DATA TO EXAMINE -
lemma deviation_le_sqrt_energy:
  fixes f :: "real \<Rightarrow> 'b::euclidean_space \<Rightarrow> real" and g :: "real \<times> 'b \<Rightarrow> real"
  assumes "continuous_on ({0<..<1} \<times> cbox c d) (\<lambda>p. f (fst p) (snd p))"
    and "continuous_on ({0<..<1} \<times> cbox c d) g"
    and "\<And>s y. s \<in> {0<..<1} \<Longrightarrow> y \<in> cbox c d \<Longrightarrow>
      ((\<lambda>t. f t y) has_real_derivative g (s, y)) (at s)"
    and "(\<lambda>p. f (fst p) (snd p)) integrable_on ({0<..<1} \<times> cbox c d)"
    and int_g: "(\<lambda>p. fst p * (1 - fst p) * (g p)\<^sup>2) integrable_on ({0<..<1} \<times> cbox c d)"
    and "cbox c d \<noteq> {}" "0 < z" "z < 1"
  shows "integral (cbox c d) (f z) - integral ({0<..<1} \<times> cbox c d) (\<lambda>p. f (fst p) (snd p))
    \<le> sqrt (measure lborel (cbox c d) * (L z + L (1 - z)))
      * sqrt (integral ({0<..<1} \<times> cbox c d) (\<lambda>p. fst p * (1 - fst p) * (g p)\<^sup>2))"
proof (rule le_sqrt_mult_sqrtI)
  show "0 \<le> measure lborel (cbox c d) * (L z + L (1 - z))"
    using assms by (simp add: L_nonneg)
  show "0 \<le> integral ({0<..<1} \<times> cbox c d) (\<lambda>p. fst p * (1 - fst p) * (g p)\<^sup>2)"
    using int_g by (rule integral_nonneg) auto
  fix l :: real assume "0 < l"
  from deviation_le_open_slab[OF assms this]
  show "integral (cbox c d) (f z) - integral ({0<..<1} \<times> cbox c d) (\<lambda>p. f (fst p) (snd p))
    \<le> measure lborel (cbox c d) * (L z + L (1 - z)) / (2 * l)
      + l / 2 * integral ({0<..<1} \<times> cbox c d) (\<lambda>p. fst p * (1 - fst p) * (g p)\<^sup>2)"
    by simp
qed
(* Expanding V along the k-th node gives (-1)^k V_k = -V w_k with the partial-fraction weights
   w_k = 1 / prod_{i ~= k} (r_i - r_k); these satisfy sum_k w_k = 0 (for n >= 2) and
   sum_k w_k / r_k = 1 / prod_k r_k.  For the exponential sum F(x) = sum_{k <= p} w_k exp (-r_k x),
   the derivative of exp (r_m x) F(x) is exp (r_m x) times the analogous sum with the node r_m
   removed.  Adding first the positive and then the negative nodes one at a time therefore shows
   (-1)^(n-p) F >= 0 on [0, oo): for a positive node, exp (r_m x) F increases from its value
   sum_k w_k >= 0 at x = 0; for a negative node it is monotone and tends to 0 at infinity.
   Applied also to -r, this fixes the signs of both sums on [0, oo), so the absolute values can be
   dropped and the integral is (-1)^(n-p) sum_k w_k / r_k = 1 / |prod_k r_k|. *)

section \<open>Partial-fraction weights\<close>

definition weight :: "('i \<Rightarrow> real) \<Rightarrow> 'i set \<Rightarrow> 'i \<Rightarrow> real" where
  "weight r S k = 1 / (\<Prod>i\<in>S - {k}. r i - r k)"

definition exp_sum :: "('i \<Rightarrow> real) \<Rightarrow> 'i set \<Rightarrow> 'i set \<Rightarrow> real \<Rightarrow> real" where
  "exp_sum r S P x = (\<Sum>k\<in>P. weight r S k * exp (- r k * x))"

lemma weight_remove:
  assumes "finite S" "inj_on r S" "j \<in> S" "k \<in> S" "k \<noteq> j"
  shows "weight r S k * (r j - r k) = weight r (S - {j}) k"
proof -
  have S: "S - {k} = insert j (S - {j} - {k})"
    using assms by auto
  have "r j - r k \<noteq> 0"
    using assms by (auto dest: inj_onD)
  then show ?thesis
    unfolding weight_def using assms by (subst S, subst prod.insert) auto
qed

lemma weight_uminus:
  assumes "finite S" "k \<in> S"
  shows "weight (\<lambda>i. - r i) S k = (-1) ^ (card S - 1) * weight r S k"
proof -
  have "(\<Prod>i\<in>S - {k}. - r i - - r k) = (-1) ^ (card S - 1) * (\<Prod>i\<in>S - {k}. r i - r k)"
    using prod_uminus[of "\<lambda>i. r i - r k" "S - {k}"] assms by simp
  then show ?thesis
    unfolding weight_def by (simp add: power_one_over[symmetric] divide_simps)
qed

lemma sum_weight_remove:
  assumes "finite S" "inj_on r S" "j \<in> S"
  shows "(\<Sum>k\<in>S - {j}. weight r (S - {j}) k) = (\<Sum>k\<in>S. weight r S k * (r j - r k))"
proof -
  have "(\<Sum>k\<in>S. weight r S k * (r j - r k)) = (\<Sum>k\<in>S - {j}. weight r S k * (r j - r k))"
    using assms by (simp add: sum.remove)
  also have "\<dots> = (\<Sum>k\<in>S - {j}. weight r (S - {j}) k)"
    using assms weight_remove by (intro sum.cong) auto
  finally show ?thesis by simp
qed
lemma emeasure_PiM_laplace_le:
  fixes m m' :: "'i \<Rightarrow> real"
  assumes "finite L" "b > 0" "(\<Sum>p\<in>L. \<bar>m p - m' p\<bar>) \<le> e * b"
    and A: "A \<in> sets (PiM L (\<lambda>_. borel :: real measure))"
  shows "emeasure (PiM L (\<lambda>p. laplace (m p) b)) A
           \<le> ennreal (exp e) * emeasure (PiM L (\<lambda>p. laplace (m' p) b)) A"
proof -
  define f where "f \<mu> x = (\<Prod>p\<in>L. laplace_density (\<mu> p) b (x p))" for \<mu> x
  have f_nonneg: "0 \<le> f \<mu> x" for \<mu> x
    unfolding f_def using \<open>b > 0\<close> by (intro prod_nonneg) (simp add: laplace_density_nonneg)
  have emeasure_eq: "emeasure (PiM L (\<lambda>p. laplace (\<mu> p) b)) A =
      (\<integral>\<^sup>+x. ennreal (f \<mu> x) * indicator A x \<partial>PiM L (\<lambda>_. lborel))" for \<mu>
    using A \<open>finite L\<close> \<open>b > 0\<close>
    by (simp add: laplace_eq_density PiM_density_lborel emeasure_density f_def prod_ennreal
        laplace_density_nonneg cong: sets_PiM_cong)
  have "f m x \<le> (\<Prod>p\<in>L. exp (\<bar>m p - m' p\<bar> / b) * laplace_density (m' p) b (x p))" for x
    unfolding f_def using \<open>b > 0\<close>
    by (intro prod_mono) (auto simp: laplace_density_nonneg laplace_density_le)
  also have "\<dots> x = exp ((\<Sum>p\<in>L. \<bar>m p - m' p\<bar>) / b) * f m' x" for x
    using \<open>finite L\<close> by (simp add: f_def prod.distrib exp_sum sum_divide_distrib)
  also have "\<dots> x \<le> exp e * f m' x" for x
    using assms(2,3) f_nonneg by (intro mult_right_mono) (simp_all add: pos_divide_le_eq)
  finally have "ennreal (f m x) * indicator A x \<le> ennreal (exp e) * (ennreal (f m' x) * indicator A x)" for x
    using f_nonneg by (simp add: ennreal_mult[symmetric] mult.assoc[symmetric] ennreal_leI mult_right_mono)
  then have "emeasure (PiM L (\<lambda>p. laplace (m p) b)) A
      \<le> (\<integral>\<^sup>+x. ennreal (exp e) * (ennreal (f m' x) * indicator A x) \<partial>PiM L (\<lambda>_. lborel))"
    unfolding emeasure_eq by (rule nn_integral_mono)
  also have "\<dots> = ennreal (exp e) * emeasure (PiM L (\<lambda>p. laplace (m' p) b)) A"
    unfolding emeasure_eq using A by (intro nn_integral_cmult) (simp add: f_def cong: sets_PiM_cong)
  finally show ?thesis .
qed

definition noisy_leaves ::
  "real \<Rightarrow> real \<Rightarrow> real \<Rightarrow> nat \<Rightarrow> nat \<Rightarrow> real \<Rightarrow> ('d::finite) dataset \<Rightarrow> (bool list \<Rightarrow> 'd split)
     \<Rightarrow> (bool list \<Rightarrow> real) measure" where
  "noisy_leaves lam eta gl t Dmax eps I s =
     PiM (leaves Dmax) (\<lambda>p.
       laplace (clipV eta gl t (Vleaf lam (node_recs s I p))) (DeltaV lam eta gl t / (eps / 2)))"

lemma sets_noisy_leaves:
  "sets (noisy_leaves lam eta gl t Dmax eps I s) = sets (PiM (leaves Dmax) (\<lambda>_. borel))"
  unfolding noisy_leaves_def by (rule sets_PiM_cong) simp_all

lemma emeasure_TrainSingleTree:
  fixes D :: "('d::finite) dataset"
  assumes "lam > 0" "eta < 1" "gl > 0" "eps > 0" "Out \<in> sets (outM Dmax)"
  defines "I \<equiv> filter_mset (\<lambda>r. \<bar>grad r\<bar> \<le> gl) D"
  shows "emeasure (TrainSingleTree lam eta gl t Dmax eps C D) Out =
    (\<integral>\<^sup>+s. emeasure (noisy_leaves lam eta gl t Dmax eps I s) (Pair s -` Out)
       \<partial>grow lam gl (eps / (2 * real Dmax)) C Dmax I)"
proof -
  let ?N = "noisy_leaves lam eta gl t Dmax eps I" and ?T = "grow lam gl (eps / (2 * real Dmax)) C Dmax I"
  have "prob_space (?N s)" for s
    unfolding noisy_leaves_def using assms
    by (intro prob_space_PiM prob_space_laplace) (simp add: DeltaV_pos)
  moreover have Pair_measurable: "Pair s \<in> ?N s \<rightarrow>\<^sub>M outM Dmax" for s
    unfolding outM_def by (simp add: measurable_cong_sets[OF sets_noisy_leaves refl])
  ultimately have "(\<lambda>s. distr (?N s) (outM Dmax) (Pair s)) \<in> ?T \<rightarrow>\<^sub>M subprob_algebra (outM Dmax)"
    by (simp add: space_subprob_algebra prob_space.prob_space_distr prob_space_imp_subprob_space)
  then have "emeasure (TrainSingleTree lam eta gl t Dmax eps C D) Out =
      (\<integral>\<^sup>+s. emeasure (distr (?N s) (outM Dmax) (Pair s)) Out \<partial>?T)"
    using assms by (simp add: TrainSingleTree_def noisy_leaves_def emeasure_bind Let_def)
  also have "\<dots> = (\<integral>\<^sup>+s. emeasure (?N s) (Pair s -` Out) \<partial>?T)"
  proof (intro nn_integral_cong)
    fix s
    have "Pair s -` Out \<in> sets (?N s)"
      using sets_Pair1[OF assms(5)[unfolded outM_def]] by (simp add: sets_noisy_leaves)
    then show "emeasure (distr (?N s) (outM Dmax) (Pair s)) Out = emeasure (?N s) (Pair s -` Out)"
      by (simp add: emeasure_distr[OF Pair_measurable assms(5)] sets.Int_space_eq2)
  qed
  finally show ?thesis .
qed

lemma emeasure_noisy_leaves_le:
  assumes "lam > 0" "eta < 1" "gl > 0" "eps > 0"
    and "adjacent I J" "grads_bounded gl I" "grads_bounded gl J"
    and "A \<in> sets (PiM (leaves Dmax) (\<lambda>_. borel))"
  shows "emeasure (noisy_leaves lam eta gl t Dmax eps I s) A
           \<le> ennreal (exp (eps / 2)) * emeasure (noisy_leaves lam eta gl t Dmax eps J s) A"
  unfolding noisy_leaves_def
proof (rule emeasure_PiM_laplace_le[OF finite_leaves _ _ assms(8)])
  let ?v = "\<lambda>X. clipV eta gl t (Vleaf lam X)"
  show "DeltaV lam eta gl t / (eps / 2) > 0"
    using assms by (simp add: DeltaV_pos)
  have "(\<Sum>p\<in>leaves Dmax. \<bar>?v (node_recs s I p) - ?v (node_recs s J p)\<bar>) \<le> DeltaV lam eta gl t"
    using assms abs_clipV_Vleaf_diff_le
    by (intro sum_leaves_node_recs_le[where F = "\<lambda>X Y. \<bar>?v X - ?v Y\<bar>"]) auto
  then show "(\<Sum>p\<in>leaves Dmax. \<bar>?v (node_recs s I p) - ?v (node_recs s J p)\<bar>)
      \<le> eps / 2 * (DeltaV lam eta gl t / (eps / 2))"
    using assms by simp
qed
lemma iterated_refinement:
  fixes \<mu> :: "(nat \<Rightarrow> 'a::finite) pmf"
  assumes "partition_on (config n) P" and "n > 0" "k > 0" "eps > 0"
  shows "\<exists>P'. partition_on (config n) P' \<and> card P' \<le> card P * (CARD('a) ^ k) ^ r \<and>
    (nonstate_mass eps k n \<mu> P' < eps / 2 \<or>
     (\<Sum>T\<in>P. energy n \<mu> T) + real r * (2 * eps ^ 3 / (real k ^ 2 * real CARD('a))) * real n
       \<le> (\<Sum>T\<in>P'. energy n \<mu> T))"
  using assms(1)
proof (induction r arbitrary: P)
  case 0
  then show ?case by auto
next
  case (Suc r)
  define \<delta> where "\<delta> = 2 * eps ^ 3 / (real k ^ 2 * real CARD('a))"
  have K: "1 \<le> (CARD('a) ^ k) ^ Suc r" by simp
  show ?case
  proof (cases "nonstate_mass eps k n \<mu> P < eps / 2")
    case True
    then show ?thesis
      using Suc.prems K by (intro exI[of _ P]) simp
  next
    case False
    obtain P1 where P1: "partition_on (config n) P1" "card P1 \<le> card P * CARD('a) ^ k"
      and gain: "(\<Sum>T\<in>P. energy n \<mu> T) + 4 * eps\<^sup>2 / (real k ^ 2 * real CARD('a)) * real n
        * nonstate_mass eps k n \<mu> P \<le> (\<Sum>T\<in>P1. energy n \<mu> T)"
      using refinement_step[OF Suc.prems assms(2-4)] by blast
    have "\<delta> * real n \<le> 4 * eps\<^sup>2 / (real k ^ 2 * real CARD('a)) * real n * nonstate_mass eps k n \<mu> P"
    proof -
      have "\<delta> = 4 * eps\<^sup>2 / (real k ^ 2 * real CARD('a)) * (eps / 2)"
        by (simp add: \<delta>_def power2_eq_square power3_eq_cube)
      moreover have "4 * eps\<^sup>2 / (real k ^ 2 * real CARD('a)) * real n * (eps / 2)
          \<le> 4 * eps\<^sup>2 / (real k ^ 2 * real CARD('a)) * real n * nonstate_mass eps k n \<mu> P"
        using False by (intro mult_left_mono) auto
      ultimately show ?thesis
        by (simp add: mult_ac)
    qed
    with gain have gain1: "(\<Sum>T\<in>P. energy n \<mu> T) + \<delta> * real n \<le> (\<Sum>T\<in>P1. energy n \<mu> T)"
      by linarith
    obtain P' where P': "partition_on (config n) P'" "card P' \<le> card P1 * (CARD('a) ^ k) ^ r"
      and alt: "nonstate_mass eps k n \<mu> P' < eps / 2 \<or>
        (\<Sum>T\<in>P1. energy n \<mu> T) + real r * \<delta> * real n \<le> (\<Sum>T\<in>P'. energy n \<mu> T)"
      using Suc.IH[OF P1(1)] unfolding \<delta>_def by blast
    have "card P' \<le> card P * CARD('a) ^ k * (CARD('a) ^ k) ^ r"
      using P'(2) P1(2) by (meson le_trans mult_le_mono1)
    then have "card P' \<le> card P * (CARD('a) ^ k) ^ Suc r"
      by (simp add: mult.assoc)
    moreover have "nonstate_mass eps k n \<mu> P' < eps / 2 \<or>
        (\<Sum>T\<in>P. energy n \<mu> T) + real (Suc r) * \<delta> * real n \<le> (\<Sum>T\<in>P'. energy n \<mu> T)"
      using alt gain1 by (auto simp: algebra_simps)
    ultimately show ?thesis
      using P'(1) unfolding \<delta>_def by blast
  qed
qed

AIM OF THE EXERCISE -
Transcribe, with no changes, the listing above from its first line through the line with "(snd p)) integrable_on", including that line, and stop once it is done.

EXERCISE OUTPUT -
lemma deviation_le_sqrt_energy:
  fixes f :: "real \<Rightarrow> 'b::euclidean_space \<Rightarrow> real" and g :: "real \<times> 'b \<Rightarrow> real"
  assumes "continuous_on ({0<..<1} \<times> cbox c d) (\<lambda>p. f (fst p) (snd p))"
    and "continuous_on ({0<..<1} \<times> cbox c d) g"
    and "\<And>s y. s \<in> {0<..<1} \<Longrightarrow> y \<in> cbox c d \<Longrightarrow>
      ((\<lambda>t. f t y) has_real_derivative g (s, y)) (at s)"
    and "(\<lambda>p. f (fst p) (snd p)) integrable_on ({0<..<1} \<times> cbox c d)"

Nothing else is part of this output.